Dunphy's latest project incorporates this thesis into its very title. Test Test Test is an instrumental, progressive album featuring atmospheric keys, piercing guitar lines, and sophisticated pop sensibilities. At least, that's my impression so far. The album isn't actually finished, yet Dunphy has committed himself to releasing individual tracks on his Bandcamp page, as songs develop. Does he release them when they're finished? Does he release them when he simply can't wait anymore? I don't pretend to know his mind, but the tracking order has already changed once, and there's no guarantee that all the currently available tracks will make the final cut for the album. Maybe I'm listening to Side 1, or perhaps I'm only hearing the bonus tracks. I don't know. Maybe Dunphy himself doesn't know. Nevertheless, the album is live, and it's available now. Test Test Test. The mic is on, if we just can't wait to listen. 

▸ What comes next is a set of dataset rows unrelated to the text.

lemma level_set_sum_approx:
  fixes f :: "'x \<Rightarrow> real"
  assumes "0 < \<delta>" "x \<in> X" "0 \<le> f x" "f x \<le> real N * \<delta>"
  shows "\<bar>f x - (\<Sum>k=1..N. \<delta> * indicator {y\<in>X. real k * \<delta> \<le> f y} x)\<bar> \<le> \<delta>"
proof -
  define t where "t = f x / \<delta>"
  have "0 \<le> t" using assms(1,3) by (simp add: t_def)
  have le_t: "real k * \<delta> \<le> f x \<longleftrightarrow> k \<le> nat \<lfloor>t\<rfloor>" for k :: nat
  proof -
    have "real k * \<delta> \<le> f x \<longleftrightarrow> real k \<le> t" using assms(1) by (simp add: t_def pos_le_divide_eq)
    also have "\<dots> \<longleftrightarrow> k \<le> nat \<lfloor>t\<rfloor>" using \<open>0 \<le> t\<close> by (simp add: le_floor_iff le_nat_iff)
    finally show ?thesis .
  qed
  have t_floor: "real (nat \<lfloor>t\<rfloor>) \<le> t" "t < real (nat \<lfloor>t\<rfloor>) + 1"
    using \<open>0 \<le> t\<close> by (simp_all add: of_nat_nat)
  have "nat \<lfloor>t\<rfloor> \<le> N"
  proof -
    have "t \<le> real N" using assms(1,4) by (simp add: t_def pos_divide_le_eq)
    then show ?thesis using t_floor(1) by linarith
  qed
  have "{1..N} \<inter> {k. real k * \<delta> \<le> f x} = {1..N} \<inter> {k. k \<le> nat \<lfloor>t\<rfloor>}"
    by (simp only: le_t)
  also have "\<dots> = {1..nat \<lfloor>t\<rfloor>}"
    using \<open>nat \<lfloor>t\<rfloor> \<le> N\<close> by auto
  finally have levels: "{1..N} \<inter> {k. real k * \<delta> \<le> f x} = {1..nat \<lfloor>t\<rfloor>}" .
  have "(\<Sum>k=1..N. \<delta> * indicator {y\<in>X. real k * \<delta> \<le> f y} x)
      = \<delta> * (\<Sum>k=1..N. of_bool (real k * \<delta> \<le> f x))"
    using assms(2) by (simp add: sum_distrib_left indicator_def)
  also have "\<dots> = \<delta> * real (card ({1..N} \<inter> {k. real k * \<delta> \<le> f x}))"
    by simp
  also have "\<dots> = \<delta> * real (nat \<lfloor>t\<rfloor>)"
    unfolding levels by simp
  finally have "f x - (\<Sum>k=1..N. \<delta> * indicator {y\<in>X. real k * \<delta> \<le> f y} x)
      = \<delta> * (t - real (nat \<lfloor>t\<rfloor>))"
    using assms(1) by (simp add: t_def right_diff_distrib)
  then have "\<bar>f x - (\<Sum>k=1..N. \<delta> * indicator {y\<in>X. real k * \<delta> \<le> f y} x)\<bar>
      = \<delta> * \<bar>t - real (nat \<lfloor>t\<rfloor>)\<bar>"
    using assms(1) by (simp add: abs_mult)
  also have "\<dots> \<le> \<delta> * 1"
  proof (rule mult_left_mono)
    show "\<bar>t - real (nat \<lfloor>t\<rfloor>)\<bar> \<le> 1" unfolding abs_le_iff using t_floor by linarith
  qed (use assms(1) in simp)
  finally show ?thesis by simp
qed

lemma is_mean_transfer_step_function:
  assumes m: "is_mean X m" and hX: "\<And>x. x \<in> X \<Longrightarrow> h x \<in> X" and r: "bounded_on X r"
    and indicators: "\<And>A. A \<subseteq> X \<Longrightarrow> m (\<lambda>x. indicator A (h x)) = m (\<lambda>x. indicator A x * r x)"
    and A: "\<And>k. k \<in> K \<Longrightarrow> A k \<subseteq> X"
  shows "m (\<lambda>x. \<Sum>k\<in>K. c * indicator (A k) (h x)) = m (\<lambda>x. (\<Sum>k\<in>K. c * indicator (A k) x) * r x)"
proof -
  have ind_h: "bounded_on X (\<lambda>x. indicator (A k) (h x))" for k
    by (rule bounded_on_compose[OF bounded_on_indicator hX])
  have ind_r: "bounded_on X (\<lambda>x. indicator (A k) x * r x)" for k
    by (rule bounded_on_mult[OF bounded_on_indicator r])
  have "m (\<lambda>x. \<Sum>k\<in>K. c * indicator (A k) (h x)) = (\<Sum>k\<in>K. m (\<lambda>x. c * indicator (A k) (h x)))"
    by (rule is_mean_sum[OF m]) (rule bounded_on_cmult[OF ind_h])
  also have "\<dots> = (\<Sum>k\<in>K. m (\<lambda>x. c * (indicator (A k) x * r x)))"
    by (rule sum.cong[OF refl]) (simp only: is_mean_cmult[OF m ind_h] is_mean_cmult[OF m ind_r] indicators[OF A])
  also have "\<dots> = m (\<lambda>x. \<Sum>k\<in>K. c * (indicator (A k) x * r x))"
    by (rule is_mean_sum[OF m, symmetric]) (rule bounded_on_cmult[OF ind_r])
  also have "\<dots> = m (\<lambda>x. (\<Sum>k\<in>K. c * indicator (A k) x) * r x)"
    by (simp only: sum_distrib_right mult.assoc)
  finally show ?thesis .
qed

lemma is_mean_transfer_from_indicators:
  assumes m: "is_mean X m" and hX: "\<And>x. x \<in> X \<Longrightarrow> h x \<in> X" and r: "bounded_on X r"
    and indicators: "\<And>A. A \<subseteq> X \<Longrightarrow> m (\<lambda>x. indicator A (h x)) = m (\<lambda>x. indicator A x * r x)"
    and f: "bounded_on X f" and f_nonneg: "\<And>x. x \<in> X \<Longrightarrow> 0 \<le> f x"
  shows "m (\<lambda>x. f (h x)) = m (\<lambda>x. f x * r x)"
proof -
  obtain M where M: "\<And>x. x \<in> X \<Longrightarrow> \<bar>f x\<bar> \<le> M" using bounded_onE[OF f] by blast
  obtain R where R: "0 \<le> R" "\<And>x. x \<in> X \<Longrightarrow> \<bar>r x\<bar> \<le> R" using bounded_onE[OF r] by blast
  have fh: "bounded_on X (\<lambda>x. f (h x))" by (rule bounded_on_compose[OF f hX])
  have fr: "bounded_on X (\<lambda>x. f x * r x)" by (rule bounded_on_mult[OF f r])
  have approx: "\<bar>m (\<lambda>x. f (h x)) - m (\<lambda>x. f x * r x)\<bar> \<le> (1 + R) * \<delta>" if "0 < \<delta>" for \<delta>
  proof -
    define N where "N = nat \<lceil>M / \<delta>\<rceil>"
    define A where "A k = {y\<in>X. real k * \<delta> \<le> f y}" for k :: nat
    define s where "s x = (\<Sum>k=1..N. \<delta> * indicator (A k) x)" for x
    have s: "bounded_on X s" unfolding s_def by (intro bounded_on_sum bounded_on_cmult bounded_on_indicator)
    have f_s: "\<bar>f x - s x\<bar> \<le> \<delta>" if "x \<in> X" for x
    proof (unfold s_def A_def, rule level_set_sum_approx[where f = f, OF \<open>0 < \<delta>\<close> that f_nonneg[OF that]])
      have "M / \<delta> \<le> real N" unfolding N_def by (rule real_nat_ceiling_ge)
      then show "f x \<le> real N * \<delta>" using M[OF that] \<open>0 < \<delta>\<close> by (simp add: pos_divide_le_eq)
    qed
    have "A k \<subseteq> X" for k unfolding A_def by blast
    then have s_eq: "m (\<lambda>x. s (h x)) = m (\<lambda>x. s x * r x)"
      unfolding s_def by (intro is_mean_transfer_step_function[OF m hX r indicators])
    have "\<bar>m (\<lambda>x. f (h x)) - m (\<lambda>x. s (h x))\<bar> \<le> \<delta>"
    proof (rule is_mean_abs_diff_le[OF m fh bounded_on_compose[where h = h, OF s hX]])
      show "\<bar>f (h x) - s (h x)\<bar> \<le> \<delta>" if "x \<in> X" for x by (rule f_s[OF hX[OF that]])
    qed
    moreover have "\<bar>m (\<lambda>x. f x * r x) - m (\<lambda>x. s x * r x)\<bar> \<le> R * \<delta>"
    proof (rule is_mean_abs_diff_le[OF m fr bounded_on_mult[OF s r]])
      fix x assume "x \<in> X"
      have "\<bar>f x * r x - s x * r x\<bar> = \<bar>f x - s x\<bar> * \<bar>r x\<bar>"
        by (metis abs_mult left_diff_distrib)
      also have "\<dots> \<le> \<delta> * R"
        using \<open>x \<in> X\<close> f_s R \<open>0 < \<delta>\<close> by (intro mult_mono) auto
      finally show "\<bar>f x * r x - s x * r x\<bar> \<le> R * \<delta>" by (simp only: mult.commute)
    qed
    moreover have "(1 + R) * \<delta> = \<delta> + R * \<delta>" by (simp add: distrib_right)
    ultimately show ?thesis using s_eq by linarith
  qed
  have "\<bar>m (\<lambda>x. f (h x)) - m (\<lambda>x. f x * r x)\<bar> \<le> 0 + e" if "0 < e" for e
  proof -
    have "(1 + R) * (e / (1 + R)) = e" using \<open>0 \<le> R\<close> by simp
    then show ?thesis using approx[of "e / (1 + R)"] that \<open>0 \<le> R\<close> by simp
  qed
  then have "\<bar>m (\<lambda>x. f (h x)) - m (\<lambda>x. f x * r x)\<bar> \<le> 0" by (rule field_le_epsilon)
  then show ?thesis by simp
qed

context group_action
begin

lemma bounded_on_weight_ratio:
  assumes "balanced G E \<phi> w" "g \<in> carrier G"
  shows "bounded_on E (\<lambda>x. w (\<phi> g x) / w x)"
  using assms unfolding balanced_def by blast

Do great Progressive Indie Artists think alike? Ben Craven is at least midway through his ironically titled Last Chance to Hear. I say the title is ironic, because Craven has been releasing tracks through his own TuneLeak site, which of course means that we have the first chance to hear the album as it develops. While each new song is available to stream for free, every purchase counts toward the price of the completed album. It's the digital equivalent of "Buy every 7" single, get the 12" free." As far as I know (please, tell me I'm wrong!), that's not a thing, but TuneLeak is a definite, and definitely wonderful, thing. Last Chance to Hear continues Craven's previous work in the genre of "Cinematic, Progressive Rock," but now with 75% more instrumentals, and 100% more Rockabilly. While each track provides a satisfying experience on its own, several of the currently available tracks belong to multi-part suites. Thus, each TuneLeak serves both to calm and to provoke impatience for the finished album. I can't wait, but I am waiting--pins, needles, and all.


I'm intrigued by the music Dunphy and Craven are releasing, I'm also intrigued by their chosen methods of release, which hearken back to a format generations old, while arriving as something ahead of the curve(ball). Long ago, the album was just that--as the photo album consisted of individual photographs collected together, the musical album consisted of (usually) previously released 78rpm records collected together. Test Test Test and Last Chance to Hear go back, before the birth of the album as we've known it, to inspire the creation of the album as we will come to know it. Each song will arrive on its own, and thus will have to stand on its own (goodbye filler!), yet each individual release provides a glimpse of the greater whole, whose full cohesion remains to be experienced at the end of the process. And hopefully, that full cohesion will arrive in vinyl form. Regardless, it will arrive bit by bit, not all at once, just as we experience most things in life.

So, the album's not dead. It's actually more life-like than ever before. That's good news for those of us who love the album; good news for artist and audience alike.